OpenID

[Nibbles]

Let me ask, What would the purpose of OpenID here?
I use OpenID in quite a few different applications, it is very clearly targeted towards the sites that just need quick and simple authentication without the hassle of registering users. For those sorts of small sites where you just need to prove you are the same person that you were last time, like blog comments or many Wikis, it is perfect.
There is nothing wrong with using it on a large site like this, but it would be awkward I think, you still have to have a username associated with your post, which means you have your password too. If the OpenID provider goes down, your entire account is inaccessible if you have no other way to log in.
It might be a good way to log in needing to remember one less password, or more securely with two-factor authentication if you are paranoid like that, so it isn't a bad thing either. The makers of OpenID might disagree, but for a large community like this I do not believe you should be able to post with nothing more then your OpenID URL, some form of extra registration should be required (I don't think anyone meant that though?).

As for CAPTCHAs, what prevents you from requiring a CAPTCHA before the new user is created in the database?

How OpenID might be integrated into a BB like this would be that you can log in with the OpenID. If the OpenID exists in the database, it retrieves the corresponding user ID and logs you in.
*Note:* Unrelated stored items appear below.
(* Let $\gamma\in V$ be an element of infinite order. Then there is a non-empty open $\gamma$-wandering subset of $S^1$.
   Context: $S^1$ is the interval $[0,1]$ with $0$ and $1$ identified. Thompson's group $V$ is the group of left-continuous bijections of $S^1$ which map finite dyadic fractions to finite dyadic fractions, are differentiable except at finitely many finite dyadic fractions, and on each maximal interval of differentiability are linear with slope an integer power of $2$. For $\gamma\in V$, a subset $U\subseteq S^1$ is $\gamma$-wandering if for every $n\in\mathbb{Z}$ with $\gamma^n\neq e$ we have $\gamma^n(U)\cap U=\emptyset$. *)

theory Defs
  imports "HOL-Analysis.Analysis"
begin

(* S^1 = [0,1] with 0 ~ 1, represented by the half-open interval (0,1];
   the point 0 = 1 of the circle is represented by 1. *)
definition circle :: "real set" where
  "circle = {0<..1}"

(* quotient map R -> S^1 = R/Z with values in (0,1] *)
definition circ_proj :: "real \<Rightarrow> real" where
  "circ_proj x = x - of_int (ceiling x) + 1"

definition circle_open :: "real set \<Rightarrow> bool" where
  "circle_open U \<longleftrightarrow> U \<subseteq> circle \<and> open (circ_proj -` U)"

definition dyadic :: "real \<Rightarrow> bool" where
  "dyadic x \<longleftrightarrow> (\<exists>(m::int) (n::nat). x = of_int m / 2 ^ n)"

(* Thompson's group V: bijections of S^1 (extended by the identity outside (0,1]),
   mapping dyadics to dyadics, and affine with slope a power of 2 on each piece
   (a,b] of a finite dyadic subdivision of (0,1] (pieces half-open on the left:
   left-continuity). *)
definition thompsonV :: "(real \<Rightarrow> real) set" where
  "thompsonV = {f. bij_betw f circle circle
      \<and> (\<forall>x. x \<notin> circle \<longrightarrow> f x = x)
      \<and> (\<forall>x\<in>circle. dyadic x \<longrightarrow> dyadic (f x))
      \<and> (\<exists>D. finite D \<and> D \<subseteq> circle \<and> 1 \<in> D \<and> (\<forall>d\<in>D. dyadic d)
           \<and> (\<forall>a b. a \<in> insert 0 D \<and> b \<in> D \<and> a < b \<and> {a<..<b} \<inter> D = {} \<longrightarrow>
                 (\<exists>(k::int) c. \<forall>x\<in>{a<..b}. f x = 2 powr (real_of_int k) * x + c)))}"

definition vinv :: "(real \<Rightarrow> real) \<Rightarrow> real \<Rightarrow> real" where
  "vinv f = (\<lambda>x. if x \<in> circle then inv_into circle f x else x)"

definition vpow :: "(real \<Rightarrow> real) \<Rightarrow> int \<Rightarrow> real \<Rightarrow> real" where
  "vpow f n = (if 0 \<le> n then f ^^ nat n else vinv f ^^ nat (- n))"

definition infinite_order :: "(real \<Rightarrow> real) \<Rightarrow> bool" where
  "infinite_order f \<longleftrightarrow> (\<forall>n::nat. 0 < n \<longrightarrow> f ^^ n \<noteq> id)"

definition wandering :: "(real \<Rightarrow> real) \<Rightarrow> real set \<Rightarrow> bool" where
  "wandering f U \<longleftrightarrow> (\<forall>n::int. vpow f n \<noteq> id \<longrightarrow> vpow f n ` U \<inter> U = {})"

end

theory Submission
  imports Defs
begin

(* An element g of V is, at some dyadic level N, affine with slope 2^k on each level-N dyadic
   interval, and then maps every dyadic interval of level L >= N onto one of level L - k.
   Consider the sums of the exponents k along orbits.  If they are unbounded below, some point
   returns to its level-N interval after a strict contraction, so an iterate maps that interval
   into one of its halves; the other half wanders, because all its forward images are dyadic
   intervals, hence nested with it or disjoint from it.  If they are unbounded above, the same
   applies to the inverse of g.  If they are bounded, the dyadic intervals along every orbit
   range over a finite set, so every point is periodic with a uniformly bounded period,
   contradicting infinite order. *)

section \<open>Dyadic intervals\<close>

abbreviation pow2 :: "int \<Rightarrow> real" where
  "pow2 l \<equiv> 2 powr real_of_int l"

lemma pow2_add: "pow2 (a + b) = pow2 a * pow2 b"
  by (simp add: powr_add)

lemma pow2_nonneg: "0 \<le> l \<Longrightarrow> pow2 l = 2 ^ nat l"
  by (metis of_nat_nat powr_realpow zero_less_numeral of_int_of_nat_eq)

lemma pow2_nonneg_Ints: "0 \<le> l \<Longrightarrow> pow2 l \<in> \<int>"
  by (simp add: pow2_nonneg)

lemma pow2_inj: "pow2 a = pow2 b \<Longrightarrow> a = b"
  using powr_inj[of 2 "real_of_int a" "real_of_int b"] by simp

text \<open>This is \<open>((j - 1) / 2^l, j / 2^l]\<close> with \<open>j = \<lceil>x 2^l\<rceil>\<close>, half-open like the pieces of the
  elements of \<open>V\<close>.\<close>
definition dyadic_interval :: "int \<Rightarrow> real \<Rightarrow> real set" where
  "dyadic_interval l x = {w. \<lceil>w * pow2 l\<rceil> = \<lceil>x * pow2 l\<rceil>}"

lemma dyadic_interval_self [simp]: "x \<in> dyadic_interval l x"
  by (simp add: dyadic_interval_def)

lemma dyadic_interval_eq: "w \<in> dyadic_interval l x \<Longrightarrow> dyadic_interval l w = dyadic_interval l x"
  by (simp add: dyadic_interval_def)

lemma dyadic_intervals_eq_or_disjoint:
  "dyadic_interval l x = dyadic_interval l y \<or> dyadic_interval l x \<inter> dyadic_interval l y = {}"
  using dyadic_interval_eq by blast

lemma ceiling_divide_cong:
  fixes t t' :: real and m :: int
  assumes "\<lceil>t\<rceil> = \<lceil>t'\<rceil>" "0 < m"
  shows "\<lceil>t / m\<rceil> = \<lceil>t' / m\<rceil>"
proof -
  have "\<lceil>s / m\<rceil> = - ((- \<lceil>s\<rceil>) div m)" for s :: real
  proof -
    have "\<lceil>s / m\<rceil> = - \<lfloor>(- s) / real_of_int m\<rfloor>"
      by (simp add: ceiling_def)
    also have "\<lfloor>(- s) / real_of_int m\<rfloor> = \<lfloor>- s\<rfloor> div m"
      using assms(2) floor_divide_real_eq_div[of m "- s"] by simp
    finally show ?thesis
      by (simp add: ceiling_def)
  qed
  then show ?thesis
    using assms(1) by simp
qed

lemma dyadic_interval_antimono:
  assumes "l \<le> l'"
  shows "dyadic_interval l' x \<subseteq> dyadic_interval l x"
proof
  fix w assume "w \<in> dyadic_interval l' x"
  then have eq: "\<lceil>w * pow2 l'\<rceil> = \<lceil>x * pow2 l'\<rceil>"
    by (simp add: dyadic_interval_def)
  define m :: int where "m = 2 ^ nat (l' - l)"
  have "pow2 (l' - l) = m"
    using assms by (metis m_def diff_ge_0_iff_ge of_int_numeral of_int_power pow2_nonneg)
  moreover have m: "0 < m"
    by (simp add: m_def)
  ultimately have "pow2 l' / m = pow2 l"
    using pow2_add[of l "l' - l"] by simp
  moreover have "\<lceil>w * pow2 l' / m\<rceil> = \<lceil>x * pow2 l' / m\<rceil>"
    using eq m by (rule ceiling_divide_cong)
  ultimately show "w \<in> dyadic_interval l x"
    by (simp add: dyadic_interval_def flip: times_divide_eq_right)
qed

lemma dyadic_interval_subset:
  "l \<le> l' \<Longrightarrow> w \<in> dyadic_interval l x \<Longrightarrow> dyadic_interval l' w \<subseteq> dyadic_interval l x"
  using dyadic_interval_antimono dyadic_interval_eq by blast

lemma dyadic_intervals_nested_or_disjoint:
  assumes "dyadic_interval l x \<inter> dyadic_interval l' y \<noteq> {}"
  shows "dyadic_interval l x \<subseteq> dyadic_interval l' y \<or> dyadic_interval l' y \<subseteq> dyadic_interval l x"
proof -
  obtain z where z: "z \<in> dyadic_interval l x" "z \<in> dyadic_interval l' y"
    using assms by blast
  show ?thesis
    using dyadic_interval_subset[OF _ z(1), of l'] dyadic_interval_subset[OF _ z(2), of l]
      dyadic_interval_eq[OF z(1)] dyadic_interval_eq[OF z(2)]
    by (cases "l \<le> l'") auto
qed

lemma ceiling_scaled_circle:
  assumes "x \<in> circle" "0 \<le> l"
  shows "\<lceil>x * pow2 l\<rceil> \<in> {1 .. 2 ^ nat l}"
proof -
  have x: "0 < x" "x \<le> 1"
    using assms by (auto simp: circle_def)
  have "pow2 l = real_of_int (2 ^ nat l)"
    using assms(2) by (simp add: pow2_nonneg)
  then show ?thesis
    using x by (simp add: zero_less_ceiling int_one_le_iff_zero_less ceiling_le_iff)
qed

lemma dyadic_interval_subset_circle:
  assumes "x \<in> circle" "0 \<le> l"
  shows "dyadic_interval l x \<subseteq> circle"
proof
  fix w assume "w \<in> dyadic_interval l x"
  then have "\<lceil>w * pow2 l\<rceil> \<in> {1 .. 2 ^ nat l}"
    using ceiling_scaled_circle[OF assms] by (simp add: dyadic_interval_def)
  moreover have "pow2 l = real_of_int (2 ^ nat l)"
    using assms(2) by (simp add: pow2_nonneg)
  ultimately have "0 < w * pow2 l" "w * pow2 l \<le> pow2 l"
    by (auto simp: ceiling_le_iff)
  then show "w \<in> circle"
    by (auto simp: circle_def zero_less_mult_iff)
qed

lemma dyadic_interval_right_end:
  fixes x :: real and l :: int
  defines "t \<equiv> real_of_int \<lceil>x * pow2 l\<rceil> / pow2 l"
  shows "t \<in> dyadic_interval l x" and "\<And>w. w \<in> dyadic_interval l x \<Longrightarrow> w \<le> t"
proof -
  show "t \<in> dyadic_interval l x"
    by (simp add: t_def dyadic_interval_def)
  fix w assume "w \<in> dyadic_interval l x"
  then have "w * pow2 l \<le> real_of_int \<lceil>x * pow2 l\<rceil>"
    unfolding dyadic_interval_def using le_of_int_ceiling[of "w * pow2 l"] by simp
  then show "w \<le> t"
    by (simp add: t_def field_simps)
qed

lemma greaterThanLessThan_subset_dyadic_interval:
  "{(of_int \<lceil>x * pow2 l\<rceil> - 1) / pow2 l <..< of_int \<lceil>x * pow2 l\<rceil> / pow2 l} \<subseteq> dyadic_interval l x"
proof
  fix w assume "w \<in> {(of_int \<lceil>x * pow2 l\<rceil> - 1) / pow2 l <..< of_int \<lceil>x * pow2 l\<rceil> / pow2 l}"
  then have "of_int \<lceil>x * pow2 l\<rceil> - 1 < w * pow2 l" "w * pow2 l < of_int \<lceil>x * pow2 l\<rceil>"
    by (simp_all add: field_simps)
  then show "w \<in> dyadic_interval l x"
    by (simp add: dyadic_interval_def ceiling_eq_iff)
qed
If the user does not exist, it brings you to an account creation page with your name, email, etc already filled out, verify you are human, and create the account and UID. The OpenID is mapped to your UID automatically. Now you can login with whatever provider you feel safe with, anywhere from Anonymous OpenID to with your private key/client SSL cert (what I use) to biometric two-factor authentication.

With OpenID is is important to allow multiple URLs to link to the same account if there is anything more then a blog comment, unlike individually registered accounts, you are stuck if your OpenID provider goes down your account does not (and vice versa). All OpenID enabled sites need a way to link a new URL to your account without logging in, similar to a "forgot your password?" link.